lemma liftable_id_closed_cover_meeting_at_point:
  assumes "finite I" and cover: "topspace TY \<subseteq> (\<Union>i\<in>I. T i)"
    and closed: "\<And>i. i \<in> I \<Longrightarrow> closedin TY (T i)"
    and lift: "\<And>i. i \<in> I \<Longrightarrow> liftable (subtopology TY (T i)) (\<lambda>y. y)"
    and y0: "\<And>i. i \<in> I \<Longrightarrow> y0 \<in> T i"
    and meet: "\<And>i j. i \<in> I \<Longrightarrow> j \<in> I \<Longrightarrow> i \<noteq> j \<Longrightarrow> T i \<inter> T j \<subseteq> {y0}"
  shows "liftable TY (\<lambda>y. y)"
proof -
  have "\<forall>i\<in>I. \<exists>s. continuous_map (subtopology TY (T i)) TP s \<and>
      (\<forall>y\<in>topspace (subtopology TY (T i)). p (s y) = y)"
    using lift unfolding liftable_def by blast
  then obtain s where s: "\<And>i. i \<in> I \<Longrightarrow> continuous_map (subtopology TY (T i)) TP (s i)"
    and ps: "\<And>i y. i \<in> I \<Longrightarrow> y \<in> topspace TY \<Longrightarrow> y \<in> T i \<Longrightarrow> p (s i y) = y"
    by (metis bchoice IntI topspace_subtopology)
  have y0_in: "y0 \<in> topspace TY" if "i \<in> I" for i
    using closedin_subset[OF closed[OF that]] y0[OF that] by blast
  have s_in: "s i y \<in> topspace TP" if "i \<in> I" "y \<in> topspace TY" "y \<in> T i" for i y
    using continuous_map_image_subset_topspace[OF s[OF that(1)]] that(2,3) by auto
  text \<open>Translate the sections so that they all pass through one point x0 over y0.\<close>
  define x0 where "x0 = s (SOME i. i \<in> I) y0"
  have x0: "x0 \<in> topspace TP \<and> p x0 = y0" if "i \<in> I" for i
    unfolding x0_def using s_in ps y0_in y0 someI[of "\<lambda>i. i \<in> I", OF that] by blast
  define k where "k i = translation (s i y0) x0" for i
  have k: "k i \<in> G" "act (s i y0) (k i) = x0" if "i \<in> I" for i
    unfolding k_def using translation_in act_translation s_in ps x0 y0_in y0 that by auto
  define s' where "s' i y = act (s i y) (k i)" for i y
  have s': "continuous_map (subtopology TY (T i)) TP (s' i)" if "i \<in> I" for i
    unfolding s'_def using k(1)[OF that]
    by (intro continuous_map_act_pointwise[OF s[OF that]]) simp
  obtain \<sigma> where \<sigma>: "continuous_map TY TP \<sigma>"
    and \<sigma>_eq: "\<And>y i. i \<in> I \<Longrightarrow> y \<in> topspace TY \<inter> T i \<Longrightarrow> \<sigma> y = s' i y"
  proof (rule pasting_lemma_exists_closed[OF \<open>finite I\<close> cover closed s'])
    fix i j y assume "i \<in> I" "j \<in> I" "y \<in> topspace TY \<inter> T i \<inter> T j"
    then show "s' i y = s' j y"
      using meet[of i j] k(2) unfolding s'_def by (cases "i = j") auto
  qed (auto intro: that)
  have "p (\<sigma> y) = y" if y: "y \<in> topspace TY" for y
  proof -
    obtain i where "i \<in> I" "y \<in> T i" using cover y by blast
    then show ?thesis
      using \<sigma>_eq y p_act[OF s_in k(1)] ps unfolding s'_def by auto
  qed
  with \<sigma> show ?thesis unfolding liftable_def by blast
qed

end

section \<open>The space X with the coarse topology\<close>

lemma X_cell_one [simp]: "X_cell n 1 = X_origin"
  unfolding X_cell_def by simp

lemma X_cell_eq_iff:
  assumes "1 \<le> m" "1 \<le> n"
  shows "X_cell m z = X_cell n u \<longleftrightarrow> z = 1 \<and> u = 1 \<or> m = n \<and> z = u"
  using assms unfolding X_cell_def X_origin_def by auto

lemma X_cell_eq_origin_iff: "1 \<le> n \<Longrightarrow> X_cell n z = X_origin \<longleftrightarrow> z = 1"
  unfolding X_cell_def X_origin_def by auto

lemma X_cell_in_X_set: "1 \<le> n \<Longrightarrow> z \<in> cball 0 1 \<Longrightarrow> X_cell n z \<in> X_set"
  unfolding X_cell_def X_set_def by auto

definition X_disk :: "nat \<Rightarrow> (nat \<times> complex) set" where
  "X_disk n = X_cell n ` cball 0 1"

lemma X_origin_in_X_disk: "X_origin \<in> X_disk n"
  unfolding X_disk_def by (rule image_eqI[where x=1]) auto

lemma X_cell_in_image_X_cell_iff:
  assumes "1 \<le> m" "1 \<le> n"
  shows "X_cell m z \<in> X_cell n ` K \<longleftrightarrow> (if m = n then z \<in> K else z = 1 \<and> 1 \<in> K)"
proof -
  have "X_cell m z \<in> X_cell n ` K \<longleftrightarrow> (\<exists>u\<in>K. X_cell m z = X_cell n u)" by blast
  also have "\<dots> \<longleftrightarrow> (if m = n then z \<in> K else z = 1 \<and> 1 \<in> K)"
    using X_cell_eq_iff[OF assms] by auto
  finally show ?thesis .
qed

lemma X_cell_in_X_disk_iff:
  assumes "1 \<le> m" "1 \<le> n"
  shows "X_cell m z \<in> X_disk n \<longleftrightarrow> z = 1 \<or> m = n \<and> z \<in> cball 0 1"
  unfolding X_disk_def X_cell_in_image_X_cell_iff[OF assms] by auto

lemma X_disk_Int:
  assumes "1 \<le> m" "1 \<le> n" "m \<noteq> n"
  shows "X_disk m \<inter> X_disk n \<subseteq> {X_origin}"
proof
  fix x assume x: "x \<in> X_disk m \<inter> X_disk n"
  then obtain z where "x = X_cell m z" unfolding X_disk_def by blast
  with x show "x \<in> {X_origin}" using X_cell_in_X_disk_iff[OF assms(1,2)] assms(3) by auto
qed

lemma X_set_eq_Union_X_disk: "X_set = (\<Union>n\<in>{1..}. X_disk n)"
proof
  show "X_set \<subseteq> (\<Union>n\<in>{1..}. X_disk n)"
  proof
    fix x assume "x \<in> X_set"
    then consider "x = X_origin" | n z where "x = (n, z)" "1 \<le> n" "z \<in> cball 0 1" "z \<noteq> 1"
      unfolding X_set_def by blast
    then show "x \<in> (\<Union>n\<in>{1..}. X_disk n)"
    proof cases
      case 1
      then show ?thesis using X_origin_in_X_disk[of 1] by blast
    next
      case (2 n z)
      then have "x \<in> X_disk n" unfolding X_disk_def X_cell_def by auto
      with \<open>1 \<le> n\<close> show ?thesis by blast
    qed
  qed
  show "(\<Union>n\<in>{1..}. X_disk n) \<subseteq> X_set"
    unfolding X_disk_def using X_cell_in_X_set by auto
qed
* * * * * * *
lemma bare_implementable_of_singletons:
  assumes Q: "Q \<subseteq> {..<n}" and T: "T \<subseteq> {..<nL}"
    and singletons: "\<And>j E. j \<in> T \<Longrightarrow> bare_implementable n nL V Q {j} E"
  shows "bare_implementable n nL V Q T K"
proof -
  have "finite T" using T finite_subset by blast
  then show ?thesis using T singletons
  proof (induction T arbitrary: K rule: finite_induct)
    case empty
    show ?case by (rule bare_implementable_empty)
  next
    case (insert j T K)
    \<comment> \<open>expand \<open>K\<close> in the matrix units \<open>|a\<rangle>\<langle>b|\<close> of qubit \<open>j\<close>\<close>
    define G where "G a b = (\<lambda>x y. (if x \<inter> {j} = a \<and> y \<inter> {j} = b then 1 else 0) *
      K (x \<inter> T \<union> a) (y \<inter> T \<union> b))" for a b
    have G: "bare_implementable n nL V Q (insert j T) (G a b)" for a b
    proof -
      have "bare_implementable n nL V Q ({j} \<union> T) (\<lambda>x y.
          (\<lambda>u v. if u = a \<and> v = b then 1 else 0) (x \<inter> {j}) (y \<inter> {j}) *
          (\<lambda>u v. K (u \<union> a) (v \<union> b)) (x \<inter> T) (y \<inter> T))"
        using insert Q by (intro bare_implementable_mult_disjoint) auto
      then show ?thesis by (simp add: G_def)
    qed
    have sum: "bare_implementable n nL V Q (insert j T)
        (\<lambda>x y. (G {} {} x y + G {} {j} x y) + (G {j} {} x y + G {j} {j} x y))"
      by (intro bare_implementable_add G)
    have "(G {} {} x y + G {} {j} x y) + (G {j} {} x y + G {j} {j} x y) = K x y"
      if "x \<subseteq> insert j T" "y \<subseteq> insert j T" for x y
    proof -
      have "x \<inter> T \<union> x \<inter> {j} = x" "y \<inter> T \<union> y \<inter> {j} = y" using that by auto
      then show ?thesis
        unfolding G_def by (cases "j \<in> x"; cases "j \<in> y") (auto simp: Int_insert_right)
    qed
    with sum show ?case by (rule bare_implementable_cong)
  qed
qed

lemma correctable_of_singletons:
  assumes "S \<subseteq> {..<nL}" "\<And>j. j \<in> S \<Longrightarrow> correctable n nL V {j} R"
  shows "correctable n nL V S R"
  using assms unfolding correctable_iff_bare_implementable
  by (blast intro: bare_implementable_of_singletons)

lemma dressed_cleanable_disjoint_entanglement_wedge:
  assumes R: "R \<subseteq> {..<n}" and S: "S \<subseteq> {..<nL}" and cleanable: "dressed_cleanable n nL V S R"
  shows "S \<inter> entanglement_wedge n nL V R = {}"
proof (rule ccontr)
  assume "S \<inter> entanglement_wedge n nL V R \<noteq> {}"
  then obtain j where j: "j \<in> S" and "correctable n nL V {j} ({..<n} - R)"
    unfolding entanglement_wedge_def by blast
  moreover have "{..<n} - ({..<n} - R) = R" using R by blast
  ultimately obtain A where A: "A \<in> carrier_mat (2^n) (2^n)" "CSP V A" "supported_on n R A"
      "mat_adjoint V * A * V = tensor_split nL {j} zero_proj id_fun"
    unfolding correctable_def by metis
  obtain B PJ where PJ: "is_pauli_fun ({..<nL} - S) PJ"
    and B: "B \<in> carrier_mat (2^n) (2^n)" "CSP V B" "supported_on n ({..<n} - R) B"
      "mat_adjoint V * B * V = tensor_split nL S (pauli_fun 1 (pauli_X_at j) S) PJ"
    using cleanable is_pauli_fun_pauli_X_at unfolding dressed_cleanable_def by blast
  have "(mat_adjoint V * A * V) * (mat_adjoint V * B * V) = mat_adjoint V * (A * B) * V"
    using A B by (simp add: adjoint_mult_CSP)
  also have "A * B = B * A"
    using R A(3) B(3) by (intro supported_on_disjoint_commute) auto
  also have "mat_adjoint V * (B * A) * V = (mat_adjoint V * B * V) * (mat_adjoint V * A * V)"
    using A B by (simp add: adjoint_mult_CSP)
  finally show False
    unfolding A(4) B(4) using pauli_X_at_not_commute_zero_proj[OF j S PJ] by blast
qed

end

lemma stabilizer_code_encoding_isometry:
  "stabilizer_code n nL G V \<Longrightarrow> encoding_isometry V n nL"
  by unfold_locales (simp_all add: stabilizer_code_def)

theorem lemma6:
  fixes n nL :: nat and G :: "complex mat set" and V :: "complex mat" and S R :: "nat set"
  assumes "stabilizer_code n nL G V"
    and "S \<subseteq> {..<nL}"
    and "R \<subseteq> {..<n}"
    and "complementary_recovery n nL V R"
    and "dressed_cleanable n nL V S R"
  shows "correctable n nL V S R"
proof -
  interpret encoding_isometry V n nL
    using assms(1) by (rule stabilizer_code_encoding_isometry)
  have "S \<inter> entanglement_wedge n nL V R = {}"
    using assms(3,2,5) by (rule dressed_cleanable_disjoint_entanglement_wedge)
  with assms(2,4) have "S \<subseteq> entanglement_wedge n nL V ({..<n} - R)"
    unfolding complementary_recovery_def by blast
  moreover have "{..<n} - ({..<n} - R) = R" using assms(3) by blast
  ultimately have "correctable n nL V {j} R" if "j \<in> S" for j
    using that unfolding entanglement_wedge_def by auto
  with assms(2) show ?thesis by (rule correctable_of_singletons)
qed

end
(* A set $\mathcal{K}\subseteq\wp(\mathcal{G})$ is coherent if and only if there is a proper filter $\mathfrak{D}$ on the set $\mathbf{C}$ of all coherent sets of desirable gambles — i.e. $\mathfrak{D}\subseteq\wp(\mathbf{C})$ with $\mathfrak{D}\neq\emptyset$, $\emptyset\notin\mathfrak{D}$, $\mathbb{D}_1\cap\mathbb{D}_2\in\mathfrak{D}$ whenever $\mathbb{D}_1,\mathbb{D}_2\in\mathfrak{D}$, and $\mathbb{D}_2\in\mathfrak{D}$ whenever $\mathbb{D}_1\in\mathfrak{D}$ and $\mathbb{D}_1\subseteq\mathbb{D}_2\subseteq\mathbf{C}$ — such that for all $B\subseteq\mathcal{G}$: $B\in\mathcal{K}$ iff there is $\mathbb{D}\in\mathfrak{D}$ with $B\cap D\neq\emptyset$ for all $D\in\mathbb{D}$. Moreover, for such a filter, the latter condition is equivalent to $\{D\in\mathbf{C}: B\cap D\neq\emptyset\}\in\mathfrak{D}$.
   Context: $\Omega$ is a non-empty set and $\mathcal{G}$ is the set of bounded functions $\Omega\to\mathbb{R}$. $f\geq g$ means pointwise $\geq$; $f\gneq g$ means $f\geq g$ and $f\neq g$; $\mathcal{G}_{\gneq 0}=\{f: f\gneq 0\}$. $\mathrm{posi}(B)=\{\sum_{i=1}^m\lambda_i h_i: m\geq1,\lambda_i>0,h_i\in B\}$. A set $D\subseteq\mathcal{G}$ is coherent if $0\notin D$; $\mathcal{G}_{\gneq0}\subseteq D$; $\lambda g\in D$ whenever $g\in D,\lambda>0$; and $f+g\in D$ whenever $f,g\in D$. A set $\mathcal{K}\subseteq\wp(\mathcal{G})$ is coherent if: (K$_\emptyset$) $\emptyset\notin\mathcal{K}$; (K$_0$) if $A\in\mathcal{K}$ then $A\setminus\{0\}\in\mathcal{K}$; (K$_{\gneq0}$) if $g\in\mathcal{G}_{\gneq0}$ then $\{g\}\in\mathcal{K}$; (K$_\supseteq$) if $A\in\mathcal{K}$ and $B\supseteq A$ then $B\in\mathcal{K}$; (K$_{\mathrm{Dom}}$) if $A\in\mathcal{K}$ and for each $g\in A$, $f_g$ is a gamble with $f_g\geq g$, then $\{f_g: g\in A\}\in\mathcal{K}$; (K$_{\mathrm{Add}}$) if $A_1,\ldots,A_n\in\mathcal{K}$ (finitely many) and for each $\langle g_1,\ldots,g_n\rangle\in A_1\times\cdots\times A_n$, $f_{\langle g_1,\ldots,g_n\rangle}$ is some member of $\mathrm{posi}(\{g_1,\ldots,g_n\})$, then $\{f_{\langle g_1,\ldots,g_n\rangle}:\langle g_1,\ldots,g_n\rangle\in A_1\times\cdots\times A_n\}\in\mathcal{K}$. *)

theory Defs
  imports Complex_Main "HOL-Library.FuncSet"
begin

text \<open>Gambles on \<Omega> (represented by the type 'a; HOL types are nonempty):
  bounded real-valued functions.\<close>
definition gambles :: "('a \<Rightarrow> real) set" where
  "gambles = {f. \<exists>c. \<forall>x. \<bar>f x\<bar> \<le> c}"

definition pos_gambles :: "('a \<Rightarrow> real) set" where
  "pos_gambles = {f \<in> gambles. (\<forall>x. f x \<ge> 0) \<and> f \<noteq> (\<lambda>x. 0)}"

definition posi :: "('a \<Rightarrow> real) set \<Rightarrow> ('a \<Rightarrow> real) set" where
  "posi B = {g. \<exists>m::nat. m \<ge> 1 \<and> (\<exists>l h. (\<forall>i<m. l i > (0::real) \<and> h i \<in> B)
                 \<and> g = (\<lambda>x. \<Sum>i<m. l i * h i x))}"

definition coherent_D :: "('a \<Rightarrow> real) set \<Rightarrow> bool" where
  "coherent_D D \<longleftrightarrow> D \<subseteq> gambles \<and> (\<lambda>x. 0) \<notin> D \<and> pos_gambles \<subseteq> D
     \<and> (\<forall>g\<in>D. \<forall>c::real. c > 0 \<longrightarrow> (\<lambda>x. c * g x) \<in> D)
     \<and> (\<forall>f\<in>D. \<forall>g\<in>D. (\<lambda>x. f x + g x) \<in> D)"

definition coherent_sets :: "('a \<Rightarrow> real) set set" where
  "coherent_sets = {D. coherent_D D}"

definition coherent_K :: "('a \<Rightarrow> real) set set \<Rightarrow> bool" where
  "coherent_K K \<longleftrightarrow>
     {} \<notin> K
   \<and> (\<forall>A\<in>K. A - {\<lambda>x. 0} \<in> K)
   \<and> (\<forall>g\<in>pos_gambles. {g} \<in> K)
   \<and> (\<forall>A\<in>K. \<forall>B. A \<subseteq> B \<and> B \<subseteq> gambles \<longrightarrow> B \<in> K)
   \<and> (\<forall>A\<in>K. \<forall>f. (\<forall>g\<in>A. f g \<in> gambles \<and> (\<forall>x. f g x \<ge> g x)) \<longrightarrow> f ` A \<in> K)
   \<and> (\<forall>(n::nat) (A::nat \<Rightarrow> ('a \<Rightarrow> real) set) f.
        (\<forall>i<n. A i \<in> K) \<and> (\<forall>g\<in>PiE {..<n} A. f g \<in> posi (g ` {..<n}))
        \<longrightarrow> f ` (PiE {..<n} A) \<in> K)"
* * * * * * *
| WHAT THE EXERCISE ASKS |
Find each line holding the string "define" in the listing above, then copy it.

| EXERCISE OUTPUT |
  define x0 where "x0 = s (SOME i. i \<in> I) y0"
  define k where "k i = translation (s i y0) x0" for i
  define s' where "s' i y = act (s i y) (k i)" for i y
    define G where "G a b = (\<lambda>x y. (if x \<inter> {j} = a \<and> y \<inter> {j} = b then 1 else 0) *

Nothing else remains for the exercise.